Worth a slow, unhurried visit rather than a quick scan.



Gallarus Oratory
Probably the most famous single structure on the Dingle Peninsula — and justifiably so. The Gallarus Oratory is an early Christian oratory (a small place of worship) built using the same corbelling technique as the beehive huts, but applied to a boat-shaped rather than circular structure. What is extraordinary about it is not just its age (estimated between the 6th and 9th centuries) but its condition: it has needed virtually no restoration. The interlocking stones are still watertight after more than a thousand years. There are only two others in such condition, located on Skellig Michael.
There’s a visitor centre and a small café on site, and we stopped here for tea and a slice of pie that was very clearly homemade and very clearly worth stopping for. If the café is still doing what it was doing when we visited, don’t walk past it.
Note: the original site is accessed via a private landowner’s path (a small fee applies); a free car park also provides views of the oratory from a distance.

Kilmalkedar Church
A 12th-century Hiberno-Romanesque church — one of the finest examples of early Irish Romanesque architecture on the peninsula — is set in what is today an active historic cemetery. The church itself is roofless but structurally impressive, with the characteristic carved stonework of the Hiberno-Romanesque style visible around the doorways.
What I found most interesting were the artifacts on the grounds: an Ogham stone (a large upright stone carved with Ogham script — one of the earliest forms of written Irish, using a system of lines along a central axis) and a sundial, both of which feel remarkable sitting casually in a churchyard in County Kerry.
This was my favourite historical stop of the day. The combination of architecture, artifacts, and the layers of a working cemetery spanning many centuries gives it a particular atmosphere.

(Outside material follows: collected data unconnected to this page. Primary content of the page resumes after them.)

lemma graph_energy_ge_spectral_gap:
  assumes f: "(\<Sum>u<n. f u) = 0"
  shows "graph_energy n E f \<ge> 4 * real d * (1 - lambda2 P) * sum_squares n f"
proof -
  obtain vs ls where es: "orthonormal_eigenbasis P n vs ls"
    using real_symmetric_orthonormal_eigenbasis[OF P_carrier P_symmetric] by blast
  note gap = P_eigenbasis_second_eigenvalue[OF es]
  have vsc: "\<And>i. i < n \<Longrightarrow> vs ! i \<in> carrier_vec n"
    using es unfolding orthonormal_eigenbasis_def orthonormal_def by auto
  define x where "x = vec n f"
  have x: "x \<in> carrier_vec n" unfolding x_def by simp
  note expansion = orthonormal_eigenbasis_expansion[OF es P_carrier x]
  have summand_le: "ls ! i * (vs ! i \<bullet> x)\<^sup>2 \<le> lambda2 P * (vs ! i \<bullet> x)\<^sup>2" if i: "i < n" for i
  proof (cases "ls ! i \<le> lambda2 P")
    case True thus ?thesis by (simp add: mult_right_mono)
  next
    case False
    then obtain a where a: "\<forall>u<n. vs ! i $ u = a" using gap(3)[OF i] gap(1) by auto
    have "vs ! i \<bullet> x = (\<Sum>u<n. a * f u)"
      using vsc[OF i] a by (auto simp: scalar_prod_def x_def atLeast0LessThan intro!: sum.cong)
    also have "\<dots> = 0" using f by (simp flip: sum_distrib_left)
    finally show ?thesis by simp
  qed
  have "x \<bullet> (P *\<^sub>v x) \<le> lambda2 P * (x \<bullet> x)"
    unfolding expansion sum_distrib_left by (intro sum_mono summand_le) simp
  moreover have "x \<bullet> x = sum_squares n f" unfolding x_def sum_squares_def
    by (auto simp: scalar_prod_def atLeast0LessThan power2_eq_square)
  ultimately show ?thesis using P_quadratic_form[of f] degree_pos unfolding x_def
    by (simp add: field_simps)
qed
(* Let $G$ be a graph. Then $\chi_{alg}(G)=1$ if and only if $G$ is the empty graph (has no edges). Hence $\chi_{alg}(G)=1\iff\chi(G)=1$.
   Context: Graphs are finite, loopless, with symmetric edge sets; $K_c$ is the complete graph on $c$ vertices; $\chi(G)$ is the usual chromatic number. For $|I|=n$, $|O|=m$ ($O=\{0,\dots,m-1\}$), $\mathbb F(n,m)$ is the free product of $n$ copies of the cyclic group of order $m$ with generators $u_v$, $\mathbb C[\mathbb F(n,m)]$ its group $*$-algebra, $\omega=e^{2\pi i/m}$, $e_{v,a}=\frac1m\sum_{k=0}^{m-1}(\omega^{-a}u_v)^k$. For graphs $G,H$, the graph homomorphism game has $I=V(G)$, $O=V(H)$, $\lambda(v,w,a,b)=0$ iff ($v=w$, $a\ne b$) or ($(v,w)\in E(G)$, $(a,b)\notin E(H)$); $\mathcal I(G,H)$ is the two-sided $*$-ideal generated by $\{e_{v,a}e_{w,b}:\lambda(v,w,a,b)=0\}$, $\mathcal A(G,H)$ the quotient, and $\chi_{alg}(G)=\min\{c:\mathcal A(G,K_c)\ne0\}$. *)

theory Defs
  imports Complex_Main
begin

definition graph :: "'v set \<Rightarrow> ('v \<times> 'v) set \<Rightarrow> bool" where
  "graph V E \<longleftrightarrow> finite V \<and> E \<subseteq> V \<times> V \<and> sym E \<and> (\<forall>v. (v, v) \<notin> E)"

definition Kc_edges :: "nat \<Rightarrow> (nat \<times> nat) set" where
  "Kc_edges c = {(a, b). a < c \<and> b < c \<and> a \<noteq> b}"
(* Let $\mathbf{a}\in\mathbb{Z}_{\ge0}^n$ with $\mathbf{a}\neq\mathbf{0}$, let $0<\beta<1$, let $\epsilon$ satisfy $0<\epsilon<1$ and let $c_1>0$ with $0<c_1\epsilon<1$. If $1-\beta\le \dfrac{c_1\epsilon}{n\|\mathbf{a}\|_1}$, then $$(1-c_1\epsilon)\,\mathrm{Vol}(P_{\mathbf{a}})\le \mathrm{Vol}\Big(\bigcup_{k=0}^\infty Q_k\Big)\le \mathrm{Vol}(P_{\mathbf{a}}).$$
   Context: For $\mathbf{c}\in\mathbb{R}^n$, $r\ge 0$, the cross-polytope ($L_1$-ball) is $C(\mathbf{c},r)=\{\mathbf{x}\in\mathbb{R}^n:\|\mathbf{x}-\mathbf{c}\|_1\le r\}$, where $\|\mathbf{u}\|_1=\sum_i|u_i|$. $P_{\mathbf{a}}=\mathrm{conv}\{\pm\mathbf{e}_1,\dots,\pm\mathbf{e}_n,\mathbf{a}\}=\mathrm{conv}(C(\mathbf{0},1)\cup\{\mathbf{a}\})$, with $\mathbf{e}_i$ the standard basis vectors. For a parameter $0<\beta<1$ and $k=0,1,2,\dots$, $Q_k=C((1-\beta^k)\mathbf{a},\beta^k)$. *)

theory Defs
  imports "HOL-Analysis.Analysis"
begin

definition l1norm :: "real ^ 'n \<Rightarrow> real" where
  "l1norm u = (\<Sum>i\<in>UNIV. \<bar>u $ i\<bar>)"

definition cross_polytope :: "real ^ 'n \<Rightarrow> real \<Rightarrow> (real ^ 'n) set" where
  "cross_polytope c r = {x. l1norm (x - c) \<le> r}"

definition P_a :: "real ^ 'n \<Rightarrow> (real ^ 'n) set" where
  "P_a a = convex hull (insert a {s *\<^sub>R axis i 1 | s i. s \<in> {-1, 1}})"

definition Q_k :: "real \<Rightarrow> real ^ 'n \<Rightarrow> nat \<Rightarrow> (real ^ 'n) set" where
  "Q_k \<beta> a k = cross_polytope ((1 - \<beta> ^ k) *\<^sub>R a) (\<beta> ^ k)"

end

theory Submission imports Defs begin

text \<open>
  Since the convex hull of \<open>{\<plusminus>e\<^sub>i}\<close> is \<open>C(0,1)\<close>, the polytope \<open>P\<^sub>a\<close> is the union of the
  homothetic cross-polytopes \<open>C((1-t)a, t)\<close>, \<open>0 \<le> t \<le> 1\<close>; in particular every \<open>Q\<^sub>k\<close> lies in
  \<open>P\<^sub>a\<close>. Conversely, shrinking \<open>P\<^sub>a\<close> by the factor \<open>1 - d\<close> with \<open>d = c\<^sub>1\<epsilon>/n\<close> moves each
  \<open>C((1-t)a, t)\<close> into \<open>C((1-\<sigma>)a, (1-d)\<sigma>)\<close> with \<open>\<sigma> \<ge> d\<close>; choosing \<open>k\<close> with
  \<open>\<beta>\<^sup>k\<^sup>+\<^sup>1 < \<sigma> \<le> \<beta>\<^sup>k\<close>, the slack \<open>d\<beta>\<^sup>k\<close> in the radius absorbs the shift of the centre
  by \<open>(\<beta>\<^sup>k - \<sigma>)\<parallel>a\<parallel>\<^sub>1 \<le> \<beta>\<^sup>k(1-\<beta>)\<parallel>a\<parallel>\<^sub>1 \<le> d\<beta>\<^sup>k\<close>, so the shrunken copy lies in \<open>Q\<^sub>k\<close>.
  Hence \<open>(1-d)\<^sup>n Vol(P\<^sub>a) \<le> Vol(\<Union>Q\<^sub>k)\<close>, and Bernoulli's inequality gives \<open>(1-d)\<^sup>n \<ge> 1 - c\<^sub>1\<epsilon>\<close>.
\<close>

lemma l1norm_nonneg: "0 \<le> l1norm u"
  unfolding l1norm_def by (simp add: sum_nonneg)

lemma l1norm_triangle: "l1norm (u + v) \<le> l1norm u + l1norm v"
  unfolding l1norm_def by (simp add: sum.distrib[symmetric] sum_mono abs_triangle_ineq)

lemma l1norm_scaleR: "l1norm (c *\<^sub>R u) = \<bar>c\<bar> * l1norm u"
  unfolding l1norm_def by (simp add: sum_distrib_left abs_mult)

lemma l1norm_eq_0_iff: "l1norm (u :: real ^ 'n) = 0 \<longleftrightarrow> u = 0"
  unfolding l1norm_def by (simp add: sum_nonneg_eq_0_iff vec_eq_iff)

lemma l1norm_scaled_axis: "l1norm (s *\<^sub>R axis i 1 :: real ^ 'n) = \<bar>s\<bar>"
  unfolding l1norm_def by (simp add: axis_def abs_mult if_distrib cong: if_cong)

lemma closed_cross_polytope: "closed (cross_polytope c r)"
  unfolding cross_polytope_def l1norm_def by (intro closed_Collect_le continuous_intros)

lemma convex_cross_polytope: "convex (cross_polytope (c :: real ^ 'n) r)"
proof (rule convexI)
  fix x y :: "real ^ 'n" and u v :: real
  assume xy: "x \<in> cross_polytope c r" "y \<in> cross_polytope c r"
    and uv: "0 \<le> u" "0 \<le> v" "u + v = 1"
  have "u *\<^sub>R x + v *\<^sub>R y - c = u *\<^sub>R (x - c) + v *\<^sub>R (y - c)"
    using uv(3) by (simp add: algebra_simps flip: scaleR_add_left)
  then have "l1norm (u *\<^sub>R x + v *\<^sub>R y - c) \<le> u * l1norm (x - c) + v * l1norm (y - c)"
    using l1norm_triangle[of "u *\<^sub>R (x - c)" "v *\<^sub>R (y - c)"] uv by (simp add: l1norm_scaleR)
  also have "\<dots> \<le> u * r + v * r"
    using xy uv by (intro add_mono mult_left_mono) (auto simp: cross_polytope_def)
  finally show "u *\<^sub>R x + v *\<^sub>R y \<in> cross_polytope c r"
    using uv(3) by (simp add: cross_polytope_def distrib_right[symmetric])
qed

lemma convex_hull_signed_axes:
  "convex hull {s *\<^sub>R axis i 1 | s i. s \<in> {-1, 1 :: real}} = cross_polytope (0 :: real ^ 'n) 1"
  (is "convex hull ?S = ?C")
proof
  have "?S \<subseteq> ?C"
    using l1norm_scaled_axis[where 'n = 'n] by (force simp: cross_polytope_def)
  then show "convex hull ?S \<subseteq> ?C"
    by (rule hull_minimal) (rule convex_cross_polytope)
next
  let ?K = "convex hull ?S"
  have signed_axis_in_K: "s \<in> {-1, 1} \<Longrightarrow> s *\<^sub>R axis i 1 \<in> ?K" for s i
    by (rule hull_inc) blast
  have zero_in_K: "0 \<in> ?K"
    using convexD[OF convex_convex_hull, of "axis undefined 1" ?S "- axis undefined 1" "1/2" "1/2"]
      signed_axis_in_K[of 1 undefined] signed_axis_in_K[of "-1" undefined] by simp
  show "?C \<subseteq> ?K"
  proof
    fix x :: "real ^ 'n"
    assume x: "x \<in> ?C"
    define L where "L = l1norm x"
    show "x \<in> ?K"
    proof (cases "L = 0")
      case True
      then show ?thesis using zero_in_K by (simp add: L_def l1norm_eq_0_iff)
    next
      case False
      then have L: "0 < L" "L \<le> 1"
        using l1norm_nonneg[of x] x by (auto simp: L_def cross_polytope_def)
      define p where "p i = sgn (x $ i) *\<^sub>R axis i (1 :: real)" for i
      have p_in_K: "p i \<in> ?K" for i
        using zero_in_K signed_axis_in_K[of "-1" i] signed_axis_in_K[of 1 i]
        by (auto simp: p_def sgn_if)
      \<comment> \<open>\<open>x / L\<close> is a convex combination of the \<open>sgn(x\<^sub>i) e\<^sub>i\<close>, and \<open>x\<close> lies between it and \<open>0\<close>.\<close>
      have "(\<Sum>i\<in>UNIV. (\<bar>x $ i\<bar> / L) *\<^sub>R p i) \<in> ?K"
        using L p_in_K
        by (intro convex_sum) (auto simp: L_def l1norm_def sum_divide_distrib[symmetric])
      then have "L *\<^sub>R (\<Sum>i\<in>UNIV. (\<bar>x $ i\<bar> / L) *\<^sub>R p i) + (1 - L) *\<^sub>R 0 \<in> ?K"
        using L by (intro convexD zero_in_K) auto
      moreover have "L *\<^sub>R (\<Sum>i\<in>UNIV. (\<bar>x $ i\<bar> / L) *\<^sub>R p i) = x"
        using L by (simp add: scaleR_sum_right p_def abs_mult_sgn vec_eq_iff sum_component
            axis_def if_distrib cong: if_cong)
      ultimately show ?thesis by simp
    qed
  qed
qed

lemma mem_homothetic_cross_polytope_iff:
  assumes "0 \<le> t"
  shows "x \<in> cross_polytope ((1 - t) *\<^sub>R a) t
           \<longleftrightarrow> (\<exists>b \<in> cross_polytope 0 1. x = (1 - t) *\<^sub>R a + t *\<^sub>R b)"
proof
  assume x: "x \<in> cross_polytope ((1 - t) *\<^sub>R a) t"
  define b where "b = (1 / t) *\<^sub>R (x - (1 - t) *\<^sub>R a)"
  have "b \<in> cross_polytope 0 1"
    using assms x by (auto simp: cross_polytope_def b_def l1norm_scaleR divide_le_eq_1)
  moreover have "x = (1 - t) *\<^sub>R a + t *\<^sub>R b"
  proof (cases "t = 0")
    case True
    then show ?thesis
      using x l1norm_nonneg[of "x - a"] by (simp add: cross_polytope_def l1norm_eq_0_iff)
  qed (simp add: b_def)
  ultimately show "\<exists>b \<in> cross_polytope 0 1. x = (1 - t) *\<^sub>R a + t *\<^sub>R b" ..
next
  assume "\<exists>b \<in> cross_polytope 0 1. x = (1 - t) *\<^sub>R a + t *\<^sub>R b"
  then obtain b where "l1norm b \<le> 1" "x = (1 - t) *\<^sub>R a + t *\<^sub>R b"
    by (auto simp: cross_polytope_def)
  then show "x \<in> cross_polytope ((1 - t) *\<^sub>R a) t"
    using assms mult_left_mono[of "l1norm b" 1 t] by (simp add: cross_polytope_def l1norm_scaleR)
qed

lemma P_a_eq_Union_cross_polytope:
  fixes a :: "real ^ 'n"
  shows "P_a a = (\<Union>t\<in>{0..1}. cross_polytope ((1 - t) *\<^sub>R a) t)"
proof -
  have "{s *\<^sub>R axis i 1 | s i. s \<in> {-1, 1 :: real}} \<noteq> ({} :: (real ^ 'n) set)"
    by blast
  then have "P_a a = {(1 - t) *\<^sub>R a + t *\<^sub>R b | b t. 0 \<le> t \<and> t \<le> 1 \<and> b \<in> cross_polytope 0 1}"
    unfolding P_a_def convex_hull_insert_alt convex_hull_signed_axes by (simp only: if_False)
  also have "\<dots> = (\<Union>t\<in>{0..1}. cross_polytope ((1 - t) *\<^sub>R a) t)"
    by (auto simp: mem_homothetic_cross_polytope_iff) force+
  finally show ?thesis .
qed

lemma compact_P_a: "compact (P_a (a :: real ^ 'n))"
proof -
  have signed_axes: "{s *\<^sub>R axis i 1 :: real ^ 'n | s i. s \<in> {-1, 1}}
      = (\<lambda>(s, i). s *\<^sub>R axis i 1) ` ({-1, 1} \<times> UNIV)"
    by auto
  have "finite {s *\<^sub>R axis i 1 :: real ^ 'n | s i. s \<in> {-1, 1}}"
    by (subst signed_axes) simp
  then show ?thesis
    unfolding P_a_def by (intro finite_imp_compact_convex_hull finite.insertI)
qed

lemma Q_k_subset_P_a:
  assumes "0 \<le> \<beta>" "\<beta> \<le> 1"
  shows "Q_k \<beta> a k \<subseteq> P_a a"
  unfolding P_a_eq_Union_cross_polytope Q_k_def
  using assms by (intro subsetI UN_I[of "\<beta> ^ k"]) (auto intro: power_le_one)

lemma sets_lebesgue_Union_Q_k: "(\<Union>k. Q_k \<beta> (a :: real ^ 'n) k) \<in> sets lebesgue"
  unfolding Q_k_def
  by (auto intro!: sets.countable_UN sets_completionI_sets borel_closed closed_cross_polytope)

lemma power_bracket:
  fixes \<beta> \<sigma> :: real
  assumes "0 < \<beta>" "\<beta> < 1" "0 < \<sigma>" "\<sigma> \<le> 1"
  obtains k where "\<beta> ^ Suc k < \<sigma>" "\<sigma> \<le> \<beta> ^ k"
proof -
  obtain m where "\<beta> ^ m < \<sigma>"
    using real_arch_pow_inv[of \<sigma> \<beta>] assms by blast
  then show ?thesis
    using ex_least_nat_less[of "\<lambda>m. \<beta> ^ m < \<sigma>" m] assms that by force
qed

lemma scaled_P_a_subset_Union_Q_k:
  fixes a :: "real ^ 'n"
  assumes \<beta>: "0 < \<beta>" "\<beta> < 1" and d: "0 < d" "d \<le> 1"
    and shift: "l1norm a * (1 - \<beta>) \<le> d"
  shows "(\<lambda>x. (1 - d) *\<^sub>R x) ` P_a a \<subseteq> (\<Union>k. Q_k \<beta> a k)"
proof clarify
  fix x
  assume "x \<in> P_a a"
  then obtain s where s: "0 \<le> s" "s \<le> 1" and x: "l1norm (x - (1 - s) *\<^sub>R a) \<le> s"
    by (auto simp: P_a_eq_Union_cross_polytope cross_polytope_def)
  define \<sigma> where "\<sigma> = d + (1 - d) * s"
  have \<sigma>: "0 < \<sigma>" "\<sigma> \<le> 1" "s \<le> \<sigma>"
    using s d mult_left_le_one_le[of s d] mult_nonneg_nonneg[of "1 - d" "1 - s"]
    by (auto simp: \<sigma>_def algebra_simps)
  have centre: "l1norm ((1 - d) *\<^sub>R x - (1 - \<sigma>) *\<^sub>R a) \<le> (1 - d) * \<sigma>"
  proof -
    have "(1 - d) *\<^sub>R x - (1 - \<sigma>) *\<^sub>R a = (1 - d) *\<^sub>R (x - (1 - s) *\<^sub>R a)"
      by (simp add: \<sigma>_def algebra_simps)
    then show ?thesis
      using x \<sigma>(3) d by (simp add: l1norm_scaleR mult_left_mono)
  qed
  obtain k where k: "\<beta> ^ Suc k < \<sigma>" "\<sigma> \<le> \<beta> ^ k"
    using power_bracket \<beta> \<sigma>(1,2) by blast
  define t where "t = \<beta> ^ k"
  have "l1norm ((1 - d) *\<^sub>R x - (1 - t) *\<^sub>R a)
        \<le> l1norm ((1 - d) *\<^sub>R x - (1 - \<sigma>) *\<^sub>R a) + (t - \<sigma>) * l1norm a"
  proof -
    have "(1 - d) *\<^sub>R x - (1 - t) *\<^sub>R a = ((1 - d) *\<^sub>R x - (1 - \<sigma>) *\<^sub>R a) + (t - \<sigma>) *\<^sub>R a"
      by (simp add: algebra_simps)
    then have "l1norm ((1 - d) *\<^sub>R x - (1 - t) *\<^sub>R a)
        \<le> l1norm ((1 - d) *\<^sub>R x - (1 - \<sigma>) *\<^sub>R a) + l1norm ((t - \<sigma>) *\<^sub>R a)"
      by (simp only: l1norm_triangle)
    then show ?thesis
      using k(2) by (simp add: t_def l1norm_scaleR)
  qed
  also have "\<dots> \<le> (1 - d) * t + t * (l1norm a * (1 - \<beta>))"
  proof -
    have "(1 - d) * \<sigma> \<le> (1 - d) * t"
      using k(2) d by (intro mult_left_mono) (auto simp: t_def)
    moreover have "(t - \<sigma>) * l1norm a \<le> t * (1 - \<beta>) * l1norm a"
      using k(1) l1norm_nonneg[of a] by (intro mult_right_mono) (auto simp: t_def algebra_simps)
    ultimately show ?thesis
      using centre by (simp add: algebra_simps)
  qed
  also have "\<dots> \<le> t"
    using mult_left_mono[OF shift, of t] \<beta> by (simp add: t_def algebra_simps)
  finally have "(1 - d) *\<^sub>R x \<in> Q_k \<beta> a k"
    by (simp add: Q_k_def cross_polytope_def t_def)
  then show "(1 - d) *\<^sub>R x \<in> (\<Union>k. Q_k \<beta> a k)" by blast
qed

theorem mainTheorem2:
  fixes a :: "real ^ 'n" and \<beta> \<epsilon> c1 :: real
  assumes a_int: "\<forall>i. a $ i \<in> \<int> \<and> a $ i \<ge> 0"
    and a_nz: "a \<noteq> 0"
    and beta: "0 < \<beta>" "\<beta> < 1"
    and eps: "0 < \<epsilon>" "\<epsilon> < 1"
    and c1: "c1 > 0" "0 < c1 * \<epsilon>" "c1 * \<epsilon> < 1"
    and hb: "1 - \<beta> \<le> c1 * \<epsilon> / (real CARD('n) * l1norm a)"
  shows "(1 - c1 * \<epsilon>) * measure lebesgue (P_a a)
           \<le> measure lebesgue (\<Union>k. Q_k \<beta> a k)
         \<and> measure lebesgue (\<Union>k. Q_k \<beta> a k) \<le> measure lebesgue (P_a a)"
proof -
  define d where "d = c1 * \<epsilon> / CARD('n)"
  define U where "U = (\<Union>k. Q_k \<beta> a k)"
  have "c1 * \<epsilon> \<le> real CARD('n)"
    using c1(3) zero_less_card_finite[where 'a = 'n] by linarith
  then have d: "0 < d" "d \<le> 1" "CARD('n) * d = c1 * \<epsilon>"
    using c1 by (auto simp: d_def divide_le_eq)
  have shift: "l1norm a * (1 - \<beta>) \<le> d"
    using hb a_nz l1norm_nonneg[of a] l1norm_eq_0_iff[of a]
    by (simp add: d_def le_divide_eq mult.commute mult.left_commute)
  have P: "P_a a \<in> lmeasurable"
    by (rule lmeasurable_compact[OF compact_P_a])
  have U: "U \<in> sets lebesgue" "U \<subseteq> P_a a"
    using sets_lebesgue_Union_Q_k Q_k_subset_P_a[of \<beta> a] beta by (auto simp: U_def)
  have shrunk: "(\<lambda>x. (1 - d) *\<^sub>R x + 0) ` P_a a \<in> lmeasurable"
    using lmeasurable_compact[OF compact_scaling[OF compact_P_a]] by simp
  have "(1 - c1 * \<epsilon>) * measure lebesgue (P_a a) \<le> (1 - d) ^ CARD('n) * measure lebesgue (P_a a)"
    using Bernoulli_inequality[of "- d" "CARD('n)"] d by (intro mult_right_mono) auto
  also have "\<dots> = measure lebesgue ((\<lambda>x. (1 - d) *\<^sub>R x + 0) ` P_a a)"
    using measure_lebesgue_affine[of "1 - d" 0 "P_a a"] d by simp
  also have "\<dots> \<le> measure lebesgue U"
    using scaled_P_a_subset_Union_Q_k[OF beta d(1,2) shift] shrunk fmeasurableI2[OF P U(2,1)]
    by (intro measure_mono_fmeasurable) (auto simp: U_def)
  finally show ?thesis
    using measure_mono_fmeasurable[OF U(2,1) P] by (simp add: U_def)
qed

end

What We Missed (Reasons to Come Back)
One day on the Slea Head Drive is a start. Here’s what we didn’t get to and would prioritize next time:
- Coumeenoole Beach — a sheltered cove at Slea Head, dramatic in all weather, and one of the most photographed beaches in Kerry.
- Mount Brandon — at 952 metres, the second-highest peak in Ireland and a serious hiking destination with views across Connacht on a clear day. A full day’s undertaking.
- Brandon Point — the northernmost tip of the peninsula, dramatically exposed to the Atlantic.
- Inch Beach — a four-mile sand spit stretching into Dingle Bay, good for surfing and long walks. Worth a stop if you’re continuing toward Killarney.
- The Blasket Islands — as mentioned, the ferry from Dunquin is worth every minute if you have time.
- More time in Dingle Town — honestly, this is top of the list.
Final Thoughts
We drove the Ring of Kerry a few days after this trip. Being completely honest, we were a little bored in Kerry. The Dingle Peninsula has everything the Ring of Kerry offers — dramatic coastline, extraordinary green landscapes, that particular quality of Irish light that makes the world look slightly unreal — and it adds something the Ring of Kerry doesn’t: a density of ancient history.
If you only take one tip from this post…give the Dingle Peninsula more than a day. Stay longer. Wander slower. Let the beauty and quiet history of this place sink in.